* **Task brief**
Your task is to copy every line below that contains the word "then".

Entries taken from a collection

◆ ◆ ◆ ◆ ◆

theorem theorem3p10:
  fixes M :: "'a measure" and \<rho> :: "'a \<Rightarrow> real"
    and c \<mu> d :: "nat \<Rightarrow> real" and a b :: real
    and Lc L\<mu> :: "real \<Rightarrow> real" and K :: ereal
  assumes "prob_space M"
    and "\<rho> \<in> borel_measurable M"
    and "\<forall>x\<in>space M. \<rho> x > 0"
    and "integrable M \<rho>" and "(\<integral>x. \<rho> x \<partial>M) = 1"
    and "\<forall>k. c k > 0" and "\<forall>k. \<mu> k > 0" and "d 0 \<ge> 0"
    and "\<forall>k. d (Suc k) = (\<integral>x. c k * (\<mu> k * \<rho> x + d k) / (c k + (\<mu> k * \<rho> x + d k)) \<partial>M)"
    and "slowly_varying Lc" and "slowly_varying L\<mu>"
    and "c \<sim>[sequentially] (\<lambda>k. Lc (real k) * real k powr a)"
    and "\<mu> \<sim>[sequentially] (\<lambda>k. L\<mu> (real k) * real k powr b)"
    and "K \<ge> 0"
    and "(\<lambda>k. ereal (\<mu> k / c k)) \<longlonglongrightarrow> K"
  shows "(K = \<infinity> \<longrightarrow> (\<lambda>k. d k / c k) \<longlonglongrightarrow> 1) \<and>
         (0 < K \<and> K < \<infinity> \<longrightarrow>
            (\<exists>!m. 0 < m \<and> m < 1 \<and>
                 m = (\<integral>x. (real_of_ereal K * \<rho> x + m) / (1 + (real_of_ereal K * \<rho> x + m)) \<partial>M))
          \<and> (\<lambda>k. d k / c k) \<longlonglongrightarrow>
              (THE m. 0 < m \<and> m < 1 \<and>
                 m = (\<integral>x. (real_of_ereal K * \<rho> x + m) / (1 + (real_of_ereal K * \<rho> x + m)) \<partial>M)))"
proof -
  interpret positive_random_variable M \<rho>
    using assms(1-3) by (simp add: positive_random_variable_def positive_random_variable_axioms_def)
  have c_pos: "c k > 0" for k using assms(6) by auto
  define r where "r = (\<lambda>k. d k / c k)"
  define s where "s = (\<lambda>k. \<mu> k / c k)"
  define q where "q = (\<lambda>k. c k / c (Suc k))"
  have r_nonneg: "r k \<ge> 0" and r_Suc: "r (Suc k) = q k * mean_frac (s k) (r k)" for k
    using normalized_recursion[of c \<mu> d k] assms(6-9) by (auto simp: r_def s_def q_def less_imp_le)
  have s_nonneg: "s k \<ge> 0" for k using assms(6,7) by (simp add: s_def less_imp_le)
  have q_tendsto: "q \<longlonglongrightarrow> 1"
    unfolding q_def using regularly_varying_Suc_ratio[OF assms(10,12)] c_pos by (simp add: less_imp_neq[symmetric])
  show ?thesis
  proof (intro conjI impI)
    assume "K = \<infinity>"
    then have "filterlim s at_top sequentially"
      using assms(15) by (simp add: s_def tendsto_PInfty_eq_at_top)
    then show "(\<lambda>k. d k / c k) \<longlonglongrightarrow> 1"
      using recursion_tendsto_one[OF r_nonneg r_Suc q_tendsto s_nonneg] c_pos
      by (simp add: r_def q_def less_imp_le)
  next
    assume "0 < K \<and> K < \<infinity>"
    then obtain s0 where K: "K = ereal s0" and "s0 > 0" by (cases K) auto
    have "s \<longlonglongrightarrow> s0" using assms(15) K by (simp add: s_def)
    then show "(\<lambda>k. d k / c k) \<longlonglongrightarrow> (THE m. 0 < m \<and> m < 1 \<and>
                 m = (\<integral>x. (real_of_ereal K * \<rho> x + m) / (1 + (real_of_ereal K * \<rho> x + m)) \<partial>M))"
      using recursion_tendsto_fixed_point[OF r_nonneg r_Suc q_tendsto s_nonneg assms(4) _ \<open>s0 > 0\<close>]
      by (simp add: K r_def mean_frac_def)
    show "\<exists>!m. 0 < m \<and> m < 1 \<and>
                 m = (\<integral>x. (real_of_ereal K * \<rho> x + m) / (1 + (real_of_ereal K * \<rho> x + m)) \<partial>M)"
      using mean_frac_unique_fixed_point[OF \<open>s0 > 0\<close>] by (simp add: K mean_frac_def)
  qed
qed

end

◆ ◆ ◆ ◆ ◆

* **Solution below**
    then have "filterlim s at_top sequentially"
    then show "(\<lambda>k. d k / c k) \<longlonglongrightarrow> 1"
    then obtain s0 where K: "K = ereal s0" and "s0 > 0" by (cases K) auto
    then show "(\<lambda>k. d k / c k) \<longlonglongrightarrow> (THE m. 0 < m \<and> m < 1 \<and>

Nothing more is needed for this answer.